◆ Work required:
In the records below, begin at the line that has "theory Submission" and stop after the line that has "Some (rev xs)))"; quote those lines verbatim and nothing more.

◆ Listed records:
---+---

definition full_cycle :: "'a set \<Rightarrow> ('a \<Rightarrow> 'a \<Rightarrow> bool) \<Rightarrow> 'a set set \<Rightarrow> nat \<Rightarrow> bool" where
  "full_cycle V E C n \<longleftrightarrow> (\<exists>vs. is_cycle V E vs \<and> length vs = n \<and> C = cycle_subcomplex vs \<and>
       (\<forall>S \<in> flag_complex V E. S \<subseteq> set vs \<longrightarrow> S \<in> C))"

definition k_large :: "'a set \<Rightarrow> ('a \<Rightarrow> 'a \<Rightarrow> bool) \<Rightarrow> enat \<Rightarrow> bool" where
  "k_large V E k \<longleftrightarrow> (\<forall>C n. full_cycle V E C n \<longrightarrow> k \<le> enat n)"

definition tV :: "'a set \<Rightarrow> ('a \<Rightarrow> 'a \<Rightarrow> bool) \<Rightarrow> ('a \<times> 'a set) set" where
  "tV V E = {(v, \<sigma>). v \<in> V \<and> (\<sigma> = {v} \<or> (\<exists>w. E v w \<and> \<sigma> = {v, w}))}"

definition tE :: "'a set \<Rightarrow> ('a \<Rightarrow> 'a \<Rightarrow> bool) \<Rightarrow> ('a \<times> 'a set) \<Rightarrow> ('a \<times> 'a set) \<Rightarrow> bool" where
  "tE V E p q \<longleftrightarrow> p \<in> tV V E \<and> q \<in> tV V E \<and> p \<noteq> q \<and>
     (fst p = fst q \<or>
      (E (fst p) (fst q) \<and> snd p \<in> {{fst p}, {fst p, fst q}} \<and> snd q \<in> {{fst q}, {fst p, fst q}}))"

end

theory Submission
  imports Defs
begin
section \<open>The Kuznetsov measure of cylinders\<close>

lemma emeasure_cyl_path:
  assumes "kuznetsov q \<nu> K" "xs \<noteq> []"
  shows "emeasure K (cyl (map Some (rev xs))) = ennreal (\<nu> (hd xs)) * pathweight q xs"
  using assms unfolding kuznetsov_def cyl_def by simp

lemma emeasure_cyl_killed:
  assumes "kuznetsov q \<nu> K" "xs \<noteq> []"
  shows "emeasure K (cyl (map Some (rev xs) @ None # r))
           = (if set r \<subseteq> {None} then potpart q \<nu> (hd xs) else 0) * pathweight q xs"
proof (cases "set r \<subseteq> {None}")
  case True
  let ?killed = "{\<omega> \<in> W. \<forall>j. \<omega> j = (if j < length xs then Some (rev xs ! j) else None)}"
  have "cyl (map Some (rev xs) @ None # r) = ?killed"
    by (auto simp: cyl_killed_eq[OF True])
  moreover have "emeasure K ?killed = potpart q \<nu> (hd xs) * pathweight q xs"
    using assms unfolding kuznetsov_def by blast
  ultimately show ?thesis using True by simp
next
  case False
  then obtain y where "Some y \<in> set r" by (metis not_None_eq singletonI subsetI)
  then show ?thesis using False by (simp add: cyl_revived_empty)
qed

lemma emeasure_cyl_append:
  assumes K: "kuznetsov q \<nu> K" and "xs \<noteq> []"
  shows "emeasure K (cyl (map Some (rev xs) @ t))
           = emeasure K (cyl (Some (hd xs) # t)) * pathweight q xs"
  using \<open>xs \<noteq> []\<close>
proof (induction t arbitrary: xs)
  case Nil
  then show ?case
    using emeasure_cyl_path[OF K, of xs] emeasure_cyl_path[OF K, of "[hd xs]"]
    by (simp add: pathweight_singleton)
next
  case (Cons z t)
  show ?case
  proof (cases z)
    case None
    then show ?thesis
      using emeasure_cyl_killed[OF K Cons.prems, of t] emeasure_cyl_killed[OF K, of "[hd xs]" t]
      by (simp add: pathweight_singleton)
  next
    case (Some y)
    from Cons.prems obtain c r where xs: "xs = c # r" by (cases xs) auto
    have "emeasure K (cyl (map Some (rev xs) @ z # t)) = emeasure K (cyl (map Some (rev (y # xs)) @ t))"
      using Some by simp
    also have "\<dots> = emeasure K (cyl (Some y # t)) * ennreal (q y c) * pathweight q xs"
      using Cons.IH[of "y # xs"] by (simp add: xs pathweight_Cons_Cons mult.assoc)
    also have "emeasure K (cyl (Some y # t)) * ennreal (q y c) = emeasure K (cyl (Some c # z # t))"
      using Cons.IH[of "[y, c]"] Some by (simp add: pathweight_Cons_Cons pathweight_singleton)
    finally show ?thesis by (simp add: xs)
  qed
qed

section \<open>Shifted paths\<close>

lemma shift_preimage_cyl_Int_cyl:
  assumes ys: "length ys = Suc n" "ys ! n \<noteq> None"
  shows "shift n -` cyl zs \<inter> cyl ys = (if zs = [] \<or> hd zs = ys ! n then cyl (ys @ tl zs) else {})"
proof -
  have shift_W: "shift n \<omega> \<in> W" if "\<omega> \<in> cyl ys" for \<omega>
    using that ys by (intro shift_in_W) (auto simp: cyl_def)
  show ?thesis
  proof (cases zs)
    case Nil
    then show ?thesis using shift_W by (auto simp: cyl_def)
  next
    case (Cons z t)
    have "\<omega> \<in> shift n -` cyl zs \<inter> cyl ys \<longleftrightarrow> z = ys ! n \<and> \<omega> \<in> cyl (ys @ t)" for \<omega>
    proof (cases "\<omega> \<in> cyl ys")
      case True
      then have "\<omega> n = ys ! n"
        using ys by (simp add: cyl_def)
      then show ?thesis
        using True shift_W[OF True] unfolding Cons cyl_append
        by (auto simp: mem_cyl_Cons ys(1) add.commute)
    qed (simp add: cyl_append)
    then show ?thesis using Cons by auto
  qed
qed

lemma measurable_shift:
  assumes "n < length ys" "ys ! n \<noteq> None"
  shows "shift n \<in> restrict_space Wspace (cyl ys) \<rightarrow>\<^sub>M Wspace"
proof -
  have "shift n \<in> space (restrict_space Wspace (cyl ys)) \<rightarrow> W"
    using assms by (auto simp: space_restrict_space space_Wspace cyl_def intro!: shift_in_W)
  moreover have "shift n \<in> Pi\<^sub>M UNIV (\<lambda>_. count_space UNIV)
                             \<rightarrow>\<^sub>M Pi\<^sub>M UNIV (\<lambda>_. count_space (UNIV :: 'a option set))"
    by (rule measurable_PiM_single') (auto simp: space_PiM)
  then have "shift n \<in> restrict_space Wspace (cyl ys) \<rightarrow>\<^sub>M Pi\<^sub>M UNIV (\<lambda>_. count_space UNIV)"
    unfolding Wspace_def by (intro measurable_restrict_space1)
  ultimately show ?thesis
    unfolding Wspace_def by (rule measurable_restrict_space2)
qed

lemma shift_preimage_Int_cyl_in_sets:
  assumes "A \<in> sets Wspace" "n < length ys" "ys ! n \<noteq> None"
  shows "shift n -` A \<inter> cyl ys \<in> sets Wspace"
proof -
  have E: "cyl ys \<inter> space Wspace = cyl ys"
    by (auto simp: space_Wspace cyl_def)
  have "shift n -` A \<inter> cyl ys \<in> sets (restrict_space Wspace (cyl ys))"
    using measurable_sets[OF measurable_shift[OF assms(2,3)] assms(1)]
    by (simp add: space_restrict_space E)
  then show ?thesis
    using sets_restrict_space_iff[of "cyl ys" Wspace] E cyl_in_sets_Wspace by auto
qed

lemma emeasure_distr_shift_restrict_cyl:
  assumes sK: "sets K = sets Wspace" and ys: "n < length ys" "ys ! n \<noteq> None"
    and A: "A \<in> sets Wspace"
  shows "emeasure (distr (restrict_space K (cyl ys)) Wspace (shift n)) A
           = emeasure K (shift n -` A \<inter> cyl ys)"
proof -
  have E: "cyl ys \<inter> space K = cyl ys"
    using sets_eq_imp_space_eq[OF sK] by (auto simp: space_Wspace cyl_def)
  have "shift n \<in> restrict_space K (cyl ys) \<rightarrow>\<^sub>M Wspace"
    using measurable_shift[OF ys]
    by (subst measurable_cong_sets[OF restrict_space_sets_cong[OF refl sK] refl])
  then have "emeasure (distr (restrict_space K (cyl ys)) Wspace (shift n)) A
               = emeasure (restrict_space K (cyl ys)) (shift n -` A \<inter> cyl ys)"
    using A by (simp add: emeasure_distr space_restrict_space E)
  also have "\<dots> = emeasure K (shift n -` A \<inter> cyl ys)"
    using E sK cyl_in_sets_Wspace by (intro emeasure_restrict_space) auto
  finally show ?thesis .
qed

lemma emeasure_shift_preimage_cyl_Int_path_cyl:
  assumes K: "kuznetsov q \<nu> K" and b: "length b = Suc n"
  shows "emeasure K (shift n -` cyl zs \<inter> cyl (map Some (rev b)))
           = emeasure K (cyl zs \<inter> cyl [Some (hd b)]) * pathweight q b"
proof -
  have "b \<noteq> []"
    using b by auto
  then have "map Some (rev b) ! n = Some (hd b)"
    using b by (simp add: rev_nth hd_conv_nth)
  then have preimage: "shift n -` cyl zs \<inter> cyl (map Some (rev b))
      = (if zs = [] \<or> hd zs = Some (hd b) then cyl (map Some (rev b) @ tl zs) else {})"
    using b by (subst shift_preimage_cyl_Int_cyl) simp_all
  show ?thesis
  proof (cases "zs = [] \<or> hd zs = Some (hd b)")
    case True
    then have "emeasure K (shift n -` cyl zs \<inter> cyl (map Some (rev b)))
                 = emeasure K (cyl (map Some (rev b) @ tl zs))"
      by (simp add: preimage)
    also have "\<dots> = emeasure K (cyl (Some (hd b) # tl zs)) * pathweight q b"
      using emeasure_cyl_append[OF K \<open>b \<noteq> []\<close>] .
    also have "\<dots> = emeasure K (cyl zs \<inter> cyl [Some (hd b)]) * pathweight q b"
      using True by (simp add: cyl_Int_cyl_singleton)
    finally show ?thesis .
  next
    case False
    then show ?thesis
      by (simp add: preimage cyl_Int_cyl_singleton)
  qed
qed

---+---

◆ Exercise solution:
theory Submission
  imports Defs
begin
section \<open>The Kuznetsov measure of cylinders\<close>

lemma emeasure_cyl_path:
  assumes "kuznetsov q \<nu> K" "xs \<noteq> []"
  shows "emeasure K (cyl (map Some (rev xs))) = ennreal (\<nu> (hd xs)) * pathweight q xs"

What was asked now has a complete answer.